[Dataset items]
____

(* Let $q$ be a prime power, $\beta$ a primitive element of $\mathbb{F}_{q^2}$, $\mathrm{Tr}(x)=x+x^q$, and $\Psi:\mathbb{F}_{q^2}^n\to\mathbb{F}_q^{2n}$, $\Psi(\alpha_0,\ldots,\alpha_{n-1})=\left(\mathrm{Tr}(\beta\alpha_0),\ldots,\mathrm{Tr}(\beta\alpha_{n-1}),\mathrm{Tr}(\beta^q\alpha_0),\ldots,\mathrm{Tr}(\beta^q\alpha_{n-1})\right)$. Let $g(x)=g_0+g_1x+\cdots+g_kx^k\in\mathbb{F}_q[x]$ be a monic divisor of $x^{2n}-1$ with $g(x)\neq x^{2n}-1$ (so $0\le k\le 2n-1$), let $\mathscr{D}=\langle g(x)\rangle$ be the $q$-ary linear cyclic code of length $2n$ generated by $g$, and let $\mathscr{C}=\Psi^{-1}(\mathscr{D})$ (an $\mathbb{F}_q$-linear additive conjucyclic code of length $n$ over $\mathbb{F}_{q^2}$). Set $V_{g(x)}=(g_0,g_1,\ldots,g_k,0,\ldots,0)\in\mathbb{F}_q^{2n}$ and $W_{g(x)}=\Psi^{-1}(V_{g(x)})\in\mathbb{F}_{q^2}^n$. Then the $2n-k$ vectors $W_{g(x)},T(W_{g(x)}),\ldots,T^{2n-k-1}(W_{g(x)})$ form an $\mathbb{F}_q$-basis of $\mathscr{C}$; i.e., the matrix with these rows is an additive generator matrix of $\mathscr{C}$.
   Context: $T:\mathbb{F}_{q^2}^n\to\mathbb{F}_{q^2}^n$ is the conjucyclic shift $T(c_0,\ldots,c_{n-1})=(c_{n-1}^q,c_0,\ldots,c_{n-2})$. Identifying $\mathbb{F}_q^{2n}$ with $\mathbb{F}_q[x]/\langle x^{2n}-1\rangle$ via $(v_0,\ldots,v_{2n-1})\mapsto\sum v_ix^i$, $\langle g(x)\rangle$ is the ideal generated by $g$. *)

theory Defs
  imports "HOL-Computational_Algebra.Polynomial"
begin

____

• Exercise goal: Answer with one number only: how many lines in the data contain the word "ldots"?

• Reply to the task: 2